Sculptor Albert Paley

World-renowned forged steel sculptor Albert Paley shows his work in Big Sur.

Albert Paley''s forged and fabricated steel works rise from their bases with restless energy, like Art Nouveau tendrils charged with Hephaestus''s force. Bands of metal spiral up, shafts twist, and errant "leaves" curl and bend away from the upward thrust. One marvels at both the aesthetic effect and technical feat: Paley has conjured plant forms and the verve of growth, a sense of becoming, out of the most rigid material in an artist''s palette.

An exhibition of Paley''s recent work, comprising furniture and small sculptural pieces, opens this Saturday at the Hawthorne Gallery in Big Sur.

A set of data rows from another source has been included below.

lemma zvar_power: "zvar i ^ n = Poly_Mapping.single (Poly_Mapping.single i n) 1"
proof (induction n)
  case (Suc n)
  have "Poly_Mapping.single i (Suc n) = Poly_Mapping.single i 1 + Poly_Mapping.single i n"
    by (simp flip: single_add)
  with Suc show ?case by (simp add: zvar_def mult_single)
qed simp

lemma const_mult_prod_zvar_power:
  "const c * (\<Prod>i\<in>I. zvar (w i) ^ e i)
    = Poly_Mapping.single (\<Sum>i\<in>I. Poly_Mapping.single (w i) (e i)) c"
  by (cases "finite I") (simp_all add: zvar_power prod_single const_def mult_single)

lemma prod_pairs_eq_sum_tournament_terms:
  "(\<Prod>(i, j)\<in>pairs N. zvar i - const tvar * zvar j) = (\<Sum>B\<in>Pow (pairs N). tournament_term N B)"
proof -
  have "(\<Prod>(i, j)\<in>pairs N. zvar i - const tvar * zvar j)
      = (\<Prod>(i, j)\<in>pairs N. Poly_Mapping.single (Poly_Mapping.single i 1) 1
          + Poly_Mapping.single (Poly_Mapping.single j 1) (- tvar))"
    by (rule prod.cong) (auto simp: zvar_def const_def mult_single single_uminus)
  also have "\<dots> = (\<Sum>B\<in>Pow (pairs N).
      (\<Prod>(i, j)\<in>B. Poly_Mapping.single (Poly_Mapping.single i 1) 1) *
      (\<Prod>(i, j)\<in>pairs N - B. Poly_Mapping.single (Poly_Mapping.single j 1) (- tvar)))"
    using prod_add[OF finite_pairs,
        of "\<lambda>(i, j). Poly_Mapping.single (Poly_Mapping.single i (1::nat)) 1"
        "\<lambda>(i, j). Poly_Mapping.single (Poly_Mapping.single j (1::nat)) (- tvar)" N]
    by (simp add: split_def)
  also have "\<dots> = (\<Sum>B\<in>Pow (pairs N). tournament_term N B)"
  proof (rule sum.cong)
    fix B assume "B \<in> Pow (pairs N)"
    then have "finite B" "finite (pairs N - B)" using finite_subset[OF _ finite_pairs] by auto
    then show "(\<Prod>(i, j)\<in>B. Poly_Mapping.single (Poly_Mapping.single i 1) 1) *
      (\<Prod>(i, j)\<in>pairs N - B. Poly_Mapping.single (Poly_Mapping.single j 1) (- tvar))
      = tournament_term N B"
      by (simp add: case_prod_beta prod_single mult_single tournament_term_def score_def)
  qed simp
  finally show ?thesis .
qed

Paley is an internationally recognized master of forged and fabricated steel sculpture and architectural metalwork. With many public and private commissions nationwide in both idioms, the artist has illustrated a mind-boggling versatility, as well as a protean creativity.

The breadth of his oeuvre is impressive. There is the aforementioned Art Nouveau-inspired decorative art, and monumental public sculptures of formed and fabricated steel, as well as an array of sculpture, large and small, featuring ribbons, bands and planes of steel, bronze, copper, weathered steel and painted steel. In all, boldness and a baroque vitality mark every turn.

"People often refer to my work as inspired by Art Nouveau, but really there are many more sources," Paley says. "Celtic linear forms, elements of Islamic design, and Oceanic art are just a few. But Art Nouveau is the familiar term. It''s the organic component that''s important to me, the interrelationship of forms. There are similar sensibilities found elsewhere, mine are just expressed differently."

Paley came to sculpture from jewelry making. In the late 1960s, he had achieved wide recognition for his brooches, fibulae, pins, bracelets, pendants and rings that stood as sculptural marvels as well as body ornamentation. He took jewelry from the realm of fashion accent to a place of bombastic personal statement: body art. In this work he exhibited an acclaimed virtuoso technique that combined styles and precious materials with an irrepressible inventiveness.

In 1973 Paley won a competition for the commission of the portal gates for the Renwick Gallery of the National Museum of Art, Smithsonian Institute, in Washington, D.C. After that triumph, the sculpture that had up to then been a sideline of his creative work took center stage. He moved into an industrial space, trained assistants, and began a sculptural journey.

Paley''s techniques were those he learned from turn-of-the-20th century books or from septuagenarian retirees who had worked with the materials. What followed has been a remarkable exploration of his chosen material, with the master artist guiding his workshop through the vicissitudes of a roller-coaster economy, demanding clients, and federal and city bureaucracies.

"The fundamental basis of the whole thing is the problem-solving, finding the unique form for the solution, developing the process to create the three-dimensional form in sculpture, furniture, architectural metalwork. I draw on all periods of art history, I engage with all of it. It''s a personal quest, a personal unleashing," reflects the artist.

His quest has to date resulted in countless national and international exhibitions, fellowships, grants and awards. Major museums purchase his work; his public sculpture dazzles and entertains those who experience it.

"In public sculpture, I search for the ability of the form to solicit the emotions appropriate to the site," he says. "I have to consider the viewing space, the architectural scale and size, all the formal elements. Then there is the human element, the pedestrian. How does it engage the viewer? How will the viewer see it in relationship to everything else? How does it humanize that experience, enrich that pedestrian experience?"

Viewers at the Hawthorne Gallery will not see Paley''s monumental sculpture, but certainly all the same elements are in full force in the tables, lamps, stands, and small sculptures that are on exhibit there. The physical presence and bursting energy of all these pieces make the term "furniture" seem feeble. A Paley lamp may shed light, but its other qualities raise it to the level of fine art.

Recently, Paley has worked with the glass artists at Pilchuk, the workshop founded in Washington State by Dale Chihuly in the 1970s that since has become the nation''s premier laboratory for glass art and design.

"Pilchuk has an artist-in-residence program where they invite artists from outside the glass field," Paley explains. "The purpose is twofold. One, it lets outsiders experience the medium, and, two, it allows them to get a fresh perspective from those outsiders. They gave me technicians to execute my designs. I''ve recently incorporated glass into some of my sculpture, which adds to the complexity of the work."

Several of these glass and steel pieces are on view at the Hawthorne Gallery, the largest repository and dealer of Paley sculpture west of the Rockies. Like the plastic magic of forged steel, molten glass has its fluid/frozen drama glistening and reflecting. By combining the two, Paley has entered yet another stage of personal invention in his quest.